(Collected data entries)
:::

lemma product_bound_if_blocks_bounded:
  assumes blocks: "\<And>n. L2norm (ioo (c n) (c (Suc n))) \<kappa> * L2norm (ioo (c n) (c (Suc n))) \<phi> \<le> M"
    and t: "a < t" "t < b"
  shows "L2norm (ioo a t) \<phi> * L2norm (ioo t b) \<kappa> \<le> 2 * M"
proof -
  have "0 \<le> M" using blocks[of 0] by (meson L2norm_nonneg mult_nonneg_nonneg order_trans)
  consider "\<And>n. c n \<le> t" | m where "c m \<le> t" "t < c (Suc m)"
    using c_bracket[OF t(1)] by (meson not_le)
  then show ?thesis
  proof cases
    case 1
    then show ?thesis using \<open>0 \<le> M\<close> by (simp add: \<kappa>_tail_beyond_c)
  next
    case 2
    show ?thesis
    proof (cases "L2norm (ioo a b) \<kappa> = 0")
      case True
      have "L2norm (ioo t b) \<kappa> \<le> L2norm (ioo a b) \<kappa>"
        using t by (intro \<kappa>_mono ioo_subset) auto
      then have "L2norm (ioo t b) \<kappa> = 0" using True by (intro antisym) simp_all
      then show ?thesis using \<open>0 \<le> M\<close> by simp
    next
      case False
      then have K: "0 < L2norm (ioo a b) \<kappa>" using L2norm_nonneg[of "ioo a b" \<kappa>] by linarith
      have "L2norm (ioo t b) \<kappa> \<le> L2norm (ioo (c m) b) \<kappa>"
        using 2 a_le_c by (intro \<kappa>_mono ioo_subset) auto
      then have T: "L2norm (ioo t b) \<kappa> ^ 2 \<le> (1/2) ^ m * L2norm (ioo a b) \<kappa> ^ 2"
        unfolding \<kappa>_tail_c[symmetric] by (simp add: power_mono)
      have "L2norm (ioo a t) \<phi> \<le> L2norm (ioo a (c (Suc m))) \<phi>"
        using 2 c_less_b by (intro \<phi>_mono ioo_subset) auto
      then have P: "L2norm (ioo a t) \<phi> ^ 2 \<le> M ^ 2 * 2 ^ Suc (Suc m) / L2norm (ioo a b) \<kappa> ^ 2"
        using \<phi>_initial_c_bound_if_blocks_bounded[OF blocks K, of "Suc m"] by (meson L2norm_nonneg power_mono order_trans)
      have "(L2norm (ioo a t) \<phi> * L2norm (ioo t b) \<kappa>) ^ 2
          \<le> (M ^ 2 * 2 ^ Suc (Suc m) / L2norm (ioo a b) \<kappa> ^ 2) * ((1/2) ^ m * L2norm (ioo a b) \<kappa> ^ 2)"
        unfolding power_mult_distrib using P T by (intro mult_mono) auto
      also have "\<dots> = (2 * M) ^ 2"
        using K by (simp add: field_simps)
      finally show ?thesis by (rule power2_le_imp_le) (use \<open>0 \<le> M\<close> in simp)
    qed
  qed
qed
(* Let $(M,g)$ be a Riemannian manifold without boundary, isometrically embedded in $\mathbb{R}^N$, carrying a foliation given by an integrable subbundle $E\subset TM$, with mean curvature $H$ of the leaves (as defined below). Then for every $v\in\mathbb{R}^N$, $$\langle H,v\rangle=-\mathrm{div}_E(\tilde P(v)),$$ where $\tilde P(v)$ denotes the section $m\mapsto \tilde P(m)v$ of $E$.
   Context: For $m\in M$, $P(m):\mathbb{R}^N\to T_mM$ is orthogonal projection, $\pi:TM\to E$ is orthogonal projection, and $\tilde P=\pi\circ P$ (so $\tilde P(m):\mathbb{R}^N\to E_m$ is orthogonal projection). $\nabla$ is the Levi-Civita connection, $\nabla^E_VY=\pi\nabla_VY$ for $Y\in\Gamma(E)$, and $\mathrm{div}_E Y=\mathrm{Tr}_E\,g(\nabla^E_{\cdot}Y,\cdot)$ (trace over $E$). Let $\nu(E)=\{(x,v): x\in M,\ v\in\mathbb{R}^N,\ v\perp E_x\}$. The second fundamental form is the unique $\alpha\in\Gamma(E^*\otimes E^*\otimes\nu(E))$ with $\langle\alpha(X,Y),N\rangle=g(\tilde P\,dN(X),Y)$ for all $X,Y\in\Gamma(E)$ and $N\in\Gamma(\nu(E))$ (here $dN$ is the derivative of $N$ as an $\mathbb{R}^N$-valued function). The mean curvature is $H=\mathrm{Tr}_E(\alpha)$; $\langle\cdot,\cdot\rangle$ is the Euclidean inner product. *)

theory Defs
  imports "HOL-Analysis.Analysis"
begin

text \<open>Ambient space: R^N is modelled as real^'n with the Euclidean inner product.\<close>

primrec Ck_on :: "nat \<Rightarrow> 'a::real_normed_vector set \<Rightarrow> ('a \<Rightarrow> 'b::real_normed_vector) \<Rightarrow> bool" where
  "Ck_on 0 U f = continuous_on U f"
| "Ck_on (Suc k) U f =
     (\<exists>f'. (\<forall>x\<in>U. (f has_derivative f' x) (at x)) \<and> (\<forall>v. Ck_on k U (\<lambda>x. f' x v)))"

definition smooth_on :: "'a::real_normed_vector set \<Rightarrow> ('a \<Rightarrow> 'b::real_normed_vector) \<Rightarrow> bool" where
  "smooth_on U f \<longleftrightarrow> (\<forall>k. Ck_on k U f)"

definition embedded_submanifold :: "(real^'n) set \<Rightarrow> nat \<Rightarrow> bool" where
  "embedded_submanifold M d \<longleftrightarrow>
     (\<forall>p\<in>M. \<exists>U U' (\<Phi>::real^'n \<Rightarrow> real^'n) \<Psi> L.
        open U \<and> open U' \<and> p \<in> U \<and> subspace L \<and> dim L = d \<and>
        smooth_on U \<Phi> \<and> smooth_on U' \<Psi> \<and> \<Phi> ` U = U' \<and>
        (\<forall>x\<in>U. \<Psi> (\<Phi> x) = x) \<and> (\<forall>y\<in>U'. \<Phi> (\<Psi> y) = y) \<and>
        \<Phi> ` (M \<inter> U) = U' \<inter> L)"

definition curve_in :: "(real^'n) set \<Rightarrow> (real^'n) \<Rightarrow> (real \<Rightarrow> real^'n) \<Rightarrow> real \<Rightarrow> bool" where
  "curve_in M p \<gamma> \<epsilon> \<longleftrightarrow> \<epsilon> > 0 \<and> smooth_on {-\<epsilon><..<\<epsilon>} \<gamma> \<and> \<gamma> ` {-\<epsilon><..<\<epsilon>} \<subseteq> M \<and> \<gamma> 0 = p"

definition tangent_space :: "(real^'n) set \<Rightarrow> real^'n \<Rightarrow> (real^'n) set" where
  "tangent_space M p = {v. \<exists>\<gamma> \<epsilon>. curve_in M p \<gamma> \<epsilon> \<and> (\<gamma> has_vector_derivative v) (at 0)}"

definition smooth_on_M :: "(real^'n) set \<Rightarrow> (real^'n \<Rightarrow> 'b::real_normed_vector) \<Rightarrow> bool" where
  "smooth_on_M M f \<longleftrightarrow>
     (\<forall>p\<in>M. \<exists>U F. open U \<and> p \<in> U \<and> smooth_on U F \<and> (\<forall>x\<in>M \<inter> U. F x = f x))"

definition dM :: "(real^'n) set \<Rightarrow> (real^'n \<Rightarrow> 'b::real_normed_vector) \<Rightarrow> real^'n \<Rightarrow> real^'n \<Rightarrow> 'b" where
  "dM M f p v = (THE w. \<forall>\<gamma> \<epsilon>. curve_in M p \<gamma> \<epsilon> \<and> (\<gamma> has_vector_derivative v) (at 0)
                     \<longrightarrow> ((f \<circ> \<gamma>) has_vector_derivative w) (at 0))"

definition vector_field :: "(real^'n) set \<Rightarrow> (real^'n \<Rightarrow> real^'n) \<Rightarrow> bool" where
  "vector_field M X \<longleftrightarrow> smooth_on_M M X \<and> (\<forall>p\<in>M. X p \<in> tangent_space M p)"

definition proj_onto :: "(real^'n) set \<Rightarrow> real^'n \<Rightarrow> real^'n" where
  "proj_onto S v = (THE w. w \<in> S \<and> (\<forall>s\<in>S. (v - w) \<bullet> s = 0))"

definition onb :: "(real^'n) set \<Rightarrow> (real^'n) set \<Rightarrow> bool" where
  "onb S B \<longleftrightarrow> finite B \<and> B \<subseteq> S \<and> span B = S \<and> (\<forall>b\<in>B. norm b = 1) \<and> pairwise orthogonal B"

definition subbundle :: "(real^'n) set \<Rightarrow> (real^'n \<Rightarrow> (real^'n) set) \<Rightarrow> bool" where
  "subbundle M E \<longleftrightarrow>
     (\<forall>p\<in>M. subspace (E p) \<and> E p \<subseteq> tangent_space M p) \<and>
     (\<forall>p\<in>M. \<exists>U k (X :: nat \<Rightarrow> real^'n \<Rightarrow> real^'n). open U \<and> p \<in> U \<and>
        (\<forall>i<k. vector_field M (X i)) \<and>
        (\<forall>q\<in>M \<inter> U. span {X i q | i. i < k} = E q \<and> dim (E q) = k))"

definition section_of :: "(real^'n) set \<Rightarrow> (real^'n \<Rightarrow> (real^'n) set) \<Rightarrow> (real^'n \<Rightarrow> real^'n) \<Rightarrow> bool" where
  "section_of M E X \<longleftrightarrow> smooth_on_M M X \<and> (\<forall>p\<in>M. X p \<in> E p)"

definition normal_section :: "(real^'n) set \<Rightarrow> (real^'n \<Rightarrow> (real^'n) set) \<Rightarrow> (real^'n \<Rightarrow> real^'n) \<Rightarrow> bool" where
  "normal_section M E N \<longleftrightarrow> smooth_on_M M N \<and> (\<forall>p\<in>M. \<forall>e\<in>E p. N p \<bullet> e = 0)"

definition lie_bracket :: "(real^'n) set \<Rightarrow> (real^'n \<Rightarrow> real^'n) \<Rightarrow> (real^'n \<Rightarrow> real^'n) \<Rightarrow> real^'n \<Rightarrow> real^'n" where
  "lie_bracket M X Y p = dM M Y p (X p) - dM M X p (Y p)"

text \<open>Integrable (= involutive, Frobenius) subbundle.\<close>
definition involutive_subbundle :: "(real^'n) set \<Rightarrow> (real^'n \<Rightarrow> (real^'n) set) \<Rightarrow> bool" where
  "involutive_subbundle M E \<longleftrightarrow> (\<forall>X Y. section_of M E X \<and> section_of M E Y \<longrightarrow>
       (\<forall>p\<in>M. lie_bracket M X Y p \<in> E p))"

definition levi_civita :: "(real^'n) set \<Rightarrow>
   ((real^'n \<Rightarrow> real^'n) \<Rightarrow> (real^'n \<Rightarrow> real^'n) \<Rightarrow> real^'n \<Rightarrow> real^'n) \<Rightarrow> bool" where
  "levi_civita M nabla \<longleftrightarrow>
     (\<forall>X Y. vector_field M X \<and> vector_field M Y \<longrightarrow> vector_field M (nabla X Y)) \<and>
     (\<forall>X1 X2 Y f h. vector_field M X1 \<and> vector_field M X2 \<and> vector_field M Y \<and>
         smooth_on_M M (f::real^'n \<Rightarrow> real) \<and> smooth_on_M M (h::real^'n \<Rightarrow> real) \<longrightarrow>
        (\<forall>p\<in>M. nabla (\<lambda>q. f q *\<^sub>R X1 q + h q *\<^sub>R X2 q) Y p
                 = f p *\<^sub>R nabla X1 Y p + h p *\<^sub>R nabla X2 Y p)) \<and>
     (\<forall>X Y1 Y2 a b. vector_field M X \<and> vector_field M Y1 \<and> vector_field M Y2 \<longrightarrow>
        (\<forall>p\<in>M. nabla X (\<lambda>q. a *\<^sub>R Y1 q + b *\<^sub>R Y2 q) p
                 = a *\<^sub>R nabla X Y1 p + b *\<^sub>R nabla X Y2 p)) \<and>
     (\<forall>X Y f. vector_field M X \<and> vector_field M Y \<and> smooth_on_M M (f::real^'n \<Rightarrow> real) \<longrightarrow>
        (\<forall>p\<in>M. nabla X (\<lambda>q. f q *\<^sub>R Y q) p = dM M f p (X p) *\<^sub>R Y p + f p *\<^sub>R nabla X Y p)) \<and>
     (\<forall>X Y. vector_field M X \<and> vector_field M Y \<longrightarrow>
        (\<forall>p\<in>M. nabla X Y p - nabla Y X p = lie_bracket M X Y p)) \<and>
     (\<forall>X Y Z. vector_field M X \<and> vector_field M Y \<and> vector_field M Z \<longrightarrow>
        (\<forall>p\<in>M. dM M (\<lambda>q. Y q \<bullet> Z q) p (X p) = nabla X Y p \<bullet> Z p + Y p \<bullet> nabla X Z p))"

:::

Try it
Return each line among the entries that holds the word "subseteq".

Result of this task
  "curve_in M p \<gamma> \<epsilon> \<longleftrightarrow> \<epsilon> > 0 \<and> smooth_on {-\<epsilon><..<\<epsilon>} \<gamma> \<and> \<gamma> ` {-\<epsilon><..<\<epsilon>} \<subseteq> M \<and> \<gamma> 0 = p"
  "onb S B \<longleftrightarrow> finite B \<and> B \<subseteq> S \<and> span B = S \<and> (\<forall>b\<in>B. norm b = 1) \<and> pairwise orthogonal B"
     (\<forall>p\<in>M. subspace (E p) \<and> E p \<subseteq> tangent_space M p) \<and>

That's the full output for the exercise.